The human brain is highly complex. Replication of its functions through laboratory tests and computer models is not always feasible. The use of animals in neuroscience research provides a model similar in complexity to the human brain and is necessary to further research advances. Non-human primates (NHPs) are extensively used as animal models for scientific research. An NHP brain has many similarities to a human brain in regards to size, connectivity, functional areas, and aging processes, making it an ideal research model. NHPs can be trained to perform tasks that allow researchers to evaluate cognition and behavior. Specifically in neurophysiological studies, NHPs are trained on cognitive tasks prior to collecting neurophysiological data. A well-trained animal is necessary to obtain sufficient experimental results. Therefore, optimizing the training method is fundamental to successful research involving NHPs.

However, training procedures are likely far from being optimized. Various experiments require physically restraining the NHP during training or collecting data, both for the nature of the data itself and for the safety of the personnel involved. The primate chair is a common restraint device that, with the right modifications, is suitable for a wide array of scientific experiments. However, the animal is required to maintain a fixed position in the chair throughout the training and its ability to move is reduced. Providing a more comfortable training environment ultimately reduces stress, potentially improving the animal's well-being, the speed of training, and the animal's performance. Here we present the details of a system to train animals in their home cage instead of the classic chair-restraint training.

Training primates without chair-restraint has been used for a variety of species including chimpanzees, baboons, and gorillas ^{[1,2,3,4,5,6,7]}, and also for bonnet macaques, marmosets, pigtail macaques, tufted capuchin monkeys, squirrel monkeys, lion-tailed macaques, long-tailed macaques, and mouse lemurs ^{[2,3,4,8,9,10,11,12,13,14,15,16,17]}. Several groups have also trained rhesus macaques without chair restraining the animal ^{[13,18,19,20,21,22,23,24,25,26,27,28,29,30]}. Most of these groups have provided a computer-based interactive environment interface where animals are individually or even group housed ^{[2,3,4,5,6,7,10,11,12,13,14,15,16,17,19,21,23,24,25,26,27,28,29,30,31,32,33,34,35,36]}. Overall, in-cage touch screen training has been useful to many experiments, such as those conducted by Srihasam et al. ^[37]. Similar to the training methods which used rhesus macaques, focusing on behavior and cognition using a touch screen within the animal's own home cage ^{[25,26,27,28]}, we have designed, built and successfully utilized a fully portable cage-mountable system to train NHPs and here we describe the technical specifications, construction, and operation of the system.

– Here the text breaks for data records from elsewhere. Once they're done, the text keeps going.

definition coprime_graph_edges :: "('a, 'b) monoid_scheme \<Rightarrow> 'a set set" where
  "coprime_graph_edges G = {{x, y} | x y. x \<in> carrier G \<and> y \<in> carrier G \<and> x \<noteq> y \<and>
       gcd (group.ord G x) (group.ord G y) = 1}"

definition group_exponent :: "('a, 'b) monoid_scheme \<Rightarrow> nat" where
  "group_exponent G = Lcm (group.ord G ` carrier G)"

definition full_exponent :: "('a, 'b) monoid_scheme \<Rightarrow> bool" where
  "full_exponent G \<longleftrightarrow> (\<exists>x\<in>carrier G. group.ord G x = group_exponent G)"

definition p_group :: "('a, 'b) monoid_scheme \<Rightarrow> nat \<Rightarrow> bool" where
  "p_group G p \<longleftrightarrow> prime p \<and> (\<exists>n. order G = p ^ n)"

end

theory Submission
  imports Defs "HOL-Algebra.Sylow"
begin

text \<open>In the co-prime graph the identity is adjacent to every other element, so the graph is
  connected, and an edge avoiding the identity can be removed without disconnecting it. An element
  \<open>w \<noteq> \<one>\<close> all of whose co-prime partners are trivial hangs on the single edge \<open>{\<one>, w}\<close>,
  which is therefore a bridge. In a \<open>p\<close>-group every non-trivial element is of this kind, so every
  edge is a bridge and the graph is minimally edge connected. Otherwise two distinct primes
  divide \<open>|G|\<close>, and elements of these prime orders span an edge avoiding the identity, while an
  element whose order is the exponent gives a bridge. So the edge connectivity is \<open>1\<close>, yet it
  stays \<open>1\<close> after removing the former edge.\<close>

definition bridge :: "'a set \<Rightarrow> 'a set set \<Rightarrow> 'a set \<Rightarrow> bool" where
  "bridge V E e \<longleftrightarrow> e \<in> E \<and> \<not> graph_connected V (E - {e})"

lemma not_graph_connected_if_isolated:
  assumes "x \<in> V" "y \<in> V" "x \<noteq> y" "\<And>z. {x, z} \<notin> E"
  shows "\<not> graph_connected V E"
proof
  assume "graph_connected V E"
  then have "(\<lambda>u v. {u, v} \<in> E)\<^sup>*\<^sup>* x y"
    using assms unfolding graph_connected_def by blast
  then show False
    by (cases rule: converse_rtranclpE) (use assms in auto)
qed
lemma kmax_eq_SUP_Kfun: "kmax f = (SUP n::nat. ennreal (Kfun f (real n)))"
proof -
  define h where "h = (\<lambda>(n::nat) p. ennreal (indicator {0..real n} p / f p))"
  have "incseq h"
    unfolding h_def incseq_def le_fun_def
    using f_pos by (auto intro!: ennreal_leI divide_right_mono simp: indicator_def)
  moreover have "h n \<in> borel_measurable lborel" for n
  proof -
    have [measurable]: "f \<in> borel_measurable borel"
      by (rule borel_measurable_continuous_onI[OF continuous_f])
    show ?thesis
      unfolding h_def by measurable
  qed
  ultimately have "(\<integral>\<^sup>+ p. (SUP n. h n p) \<partial>lborel) = (SUP n. integral\<^sup>N lborel (h n))"
    by (rule nn_integral_monotone_convergence_SUP)
  moreover have "(SUP n. h n p) = ennreal (indicator {0..} p / f p)" for p
  proof (rule antisym)
    show "(SUP n. h n p) \<le> ennreal (indicator {0..} p / f p)"
      unfolding h_def using f_pos[of p] by (intro SUP_least) (auto intro!: ennreal_leI simp: indicator_def)
    show "ennreal (indicator {0..} p / f p) \<le> (SUP n. h n p)"
      by (rule SUP_upper2[of "nat \<lceil>p\<rceil>"]) (auto simp: h_def indicator_def)
  qed
  ultimately show ?thesis
    by (simp add: kmax_def h_def nn_integral_inverse_f)
qed

lemma Kfun_surj_on_kdom:
  assumes "k \<in> kdom f"
  obtains p where "Kfun f p = k"
proof -
  have nonneg: "\<exists>p. Kfun f p = k" if k: "0 \<le> k" "ennreal k < kmax f" for k
  proof -
    obtain n :: nat where "ennreal k < ennreal (Kfun f (real n))"
      using k(2) by (auto simp: kmax_eq_SUP_Kfun less_SUP_iff)
    then have "k < Kfun f (real n)"
      by (metis ennreal_leI not_less)
    then have "\<exists>p\<ge>0. p \<le> real n \<and> Kfun f p = k"
      using k(1) isCont_Kfun by (intro IVT) (auto simp: Kfun_0)
    then show ?thesis by blast
  qed
  show ?thesis
  proof (cases "0 \<le> k")
    case True
    then show ?thesis
      using nonneg[of k] assms that by (auto simp: kdom_def)
  next
    case False
    then obtain p where "Kfun f p = - k"
      using nonneg[of "- k"] assms by (auto simp: kdom_def)
    then show ?thesis
      using that[of "- p"] by (simp add: Kfun_minus)
  qed
qed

This system has the potential to ease and expedite the behavioral training of NHPs on a variety of tasks by allowing the animal greater control over when and how long it chooses to work, being less disruptive to the monkey's social interactions, and presumably eliminating some of the stress found in chair training. Moreover, we present data collected during the behavioral training on a visual memory and change detection task, demonstrating the feasibility of this approach for training on cognitive tasks.

2. Materials and Methods

The protocols for all experimental and behavioral procedures were approved by the Montana State University Institutional Animal Care and Use Committee. The in-cage training system described here was designed for training rhesus macaques, but may be utilized to train and test various species of NHPs (Figure 1). This system makes home cage training possible for all NHPs with a design allowing the system to be portable and mountable on the NHP's cage. Additionally, the training system is designed to be safe, robust, and suitable for animal operation in-cage.

Figure 1. Detailed schematic of the in-cage training system.

DownLoad: Full-Size Img PowerPoint

2.1. System Design

The system includes four components: (1) local control unit, (2) remote control unit, (3) animal interface, and (4) reward delivery system (Figure 1).

(1) Local Control Unit: includes a desktop computer controlling the behavioral paradigm using two software. The minimum requirements for the desktop computer included an INTEL Pentium or Core i2 Processor, 2 GB of memory (DDR3 RAM), and 2 VGA ports for display. The system also included a line print terminal (LPT) also known as a parallel port to trigger the pump for reward delivery, 1 serial port to control the pump, and 1 RJ-45 port. The minimum hardware requirements for building or purchasing the desktop computer for the local control unit are listed in Table 1. The local control unit was located within the animal research facility but outside of the room housing the rhesus macaques. The graphical representation of the training behavioral paradigm was sent from the local control unit to the animal interface inside the subject's home cage (Figure 2).

Table 1. Minimum requirements of the in-cage training system.

Part Name	Minimum Requirement
CPU	INTEL Pentium or i3
RAM	2 GB DDR3
Graphics card	1 GB with 2 VGA port
Ports and interfaces	Includes 1 parallel port, 1 VGA port, 1 serial port, and 1 RJ-45
Touchscreen monitor	ELO 1739L open-frame touchscreen LCD monitor, 43.18 cm, 1280 × 1024
USB cable	USB 2.0 A to B cable
Speaker	Logitech plug & play 10 watt
Pump	NE-4500 double OEM syringe pump
Camera	Day/night D-link IP camera
Cage mounting frame	30.5 × 37.15 cm
Listed are the various parts of the in-cage training system and the minimum requirement for each part.

| Show Table

DownLoad: CSV

Figure 2. Photos of the in-cage training system.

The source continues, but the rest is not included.